Я добился разрешения на обследование замка в Ольшанах, получил в институте бумагу о том, кто я такой и что райисполком просят содействовать мне в обследовании костелов, церквей и других старинных построек.

Собирал понемногу вещи. И все не мог и не мог забыть тот последний вечер.

Надо было еще отвезти к отцу собак и купить то, что трудно достать в деревне. И я заблаговременно договорился насчет кофе с продавщицей, моей «блатмейстерицей», и с Пахольчиком насчет десяти блоков «БТ» и камушков к зажигалке, и купил по совету Зои блокноты, носки и кое-что для аптечки.

Все уже было готово, даже бутылочка чернил для вечного пера в полиэтиленовом мешочке и книга 1908 года издания «Ольшаны (Княжество, староство и уезд Ольшанский в их историческом бытии)». Купил я еще шестнадцать «шестидесятпяток» и три цветных «ДС», достал у знакомого фотографа десять широких «орвоколоров», а у знакомого продавца — десять «орвоколоров» узких. Достал хорошего чая и починил свой «Харкiв». Наточил ножик, купил пластырь, чтобы заклеивать футляры для кассет, и… Словом, работы мне хватило, и я постарался сделать запасы, чтобы не портить коммерции столичным продавцам.

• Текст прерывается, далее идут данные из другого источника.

(* Let $n\in\mathbb{N}$, $\alpha\in\mathbb{R}$ with $n<\alpha\le n+1$, $k\in\mathbb{N}$, $\mu\in\mathbb{R}$ with $\mu>-1$, and $T>0$. Put $\gamma_{n,k,\mu,\alpha}=\frac{\Gamma(\alpha-n)}{\mathrm{B}(\alpha+1+k,\,n+\mu+2)}$ and, for a function $g$ integrable on $[t_0,t_0+T]$, $$\tilde g^{(\alpha)}_{t_0}(k,\mu,T):=\frac{(n+1)!}{T^{\alpha}}\,\gamma_{n,k,\mu,\alpha}\int_0^1 w_{\mu,k}(\tau)\,P^{(\mu,k)}_{n+1}(\tau)\,g(t_0+T\tau)\,d\tau .$$ Let $y=x+\varpi$ be a noisy signal observed on an open interval $I\subset\mathbb{R}$, where $x\in\mathcal{C}^n(I)$ and $\varpi$ is a bounded integrable noise, let $t_0\in I$ and $T\in D_{t_0}=\{t\in\mathbb{R}_+:\ t_0+t\in I\}$. Then $\tilde y^{(\alpha)}_{t_0}(k,\mu,T)$ is an estimator of the Jumarie derivative value $x^{(\alpha)}(t_0)$, in the sense that if $y$ is replaced by the truncated fractional Taylor expansion $$x_\alpha(t_0+t)=\sum_{j=0}^{n}\frac{t^j}{j!}x^{(j)}(t_0)+\frac{t^{\alpha}}{\Gamma(\alpha+1)}x^{(\alpha)}(t_0),\qquad t\ge 0,$$ the formula is exact: $\tilde{(x_\alpha)}^{(\alpha)}_{t_0}(k,\mu,T)=x^{(\alpha)}(t_0)$.
   Context: $\mathrm{B}$ is the Euler beta function. $P^{(\mu,k)}_{m}$ denotes the shifted Jacobi polynomial on $[0,1]$: $P^{(\mu,k)}_{m}(\tau)=\sum_{j=0}^{m}\binom{m+\mu}{j}\binom{m+k}{m-j}(\tau-1)^{m-j}\tau^{j}$, with weight $w_{\mu,k}(\tau)=(1-\tau)^{\mu}\tau^{k}$. The fractional derivative is Jumarie's modified Riemann–Liouville derivative: for continuous $f$ and $0\le l-1\le\beta<l$, $l\in\mathbb{N}^*$, $f^{(\beta)}(t)=\frac{1}{\Gamma(l-\beta)}\frac{d^l}{dt^l}\int_0^t\frac{f(\tau)-f(0)}{(t-\tau)^{\beta+1-l}}d\tau$; for $n<\alpha\le n+1$, $x^{(\alpha)}$ means $(x^{(n)})^{(\alpha-n)}$, taken at the point $t_0$ (i.e. with base point $t_0$). The values $x^{(j)}(t_0)$, $0\le j\le n$, are ordinary derivatives. *)

theory Defs
  imports "HOL-Analysis.Analysis"
begin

Но перед отъездом мне необходимо было сходить на квартиру к Марьяну (передачу вещей в музей разрешили отложить до моего возвращения из Ольшан). Я не хотел туда идти без свидетелей, а главное, потому, что это было бы слишком тяжело — идти туда одному. Поэтому я зашел к Хилинскому, и Абель с Бобкин-стрит согласился составить мне компанию. Вернее, охотно прервал свое сегодняшнее dolce far niente[44].

На улице девушки все еще часто заглядывались на него: высокий, но не такой дылда, как я, «треугольный», плечистый, ко почти совсем без бедер. Я искренне сожалел, что пропадает зря такой великолепный образец рода человеческого, но в то же время до глубины души жалел его и понимал. А вообще-то, он достоин был не сожаления, а, скорее, удивления и уважения.

вернуться

44

Сладкое ничегонеделание (итал.).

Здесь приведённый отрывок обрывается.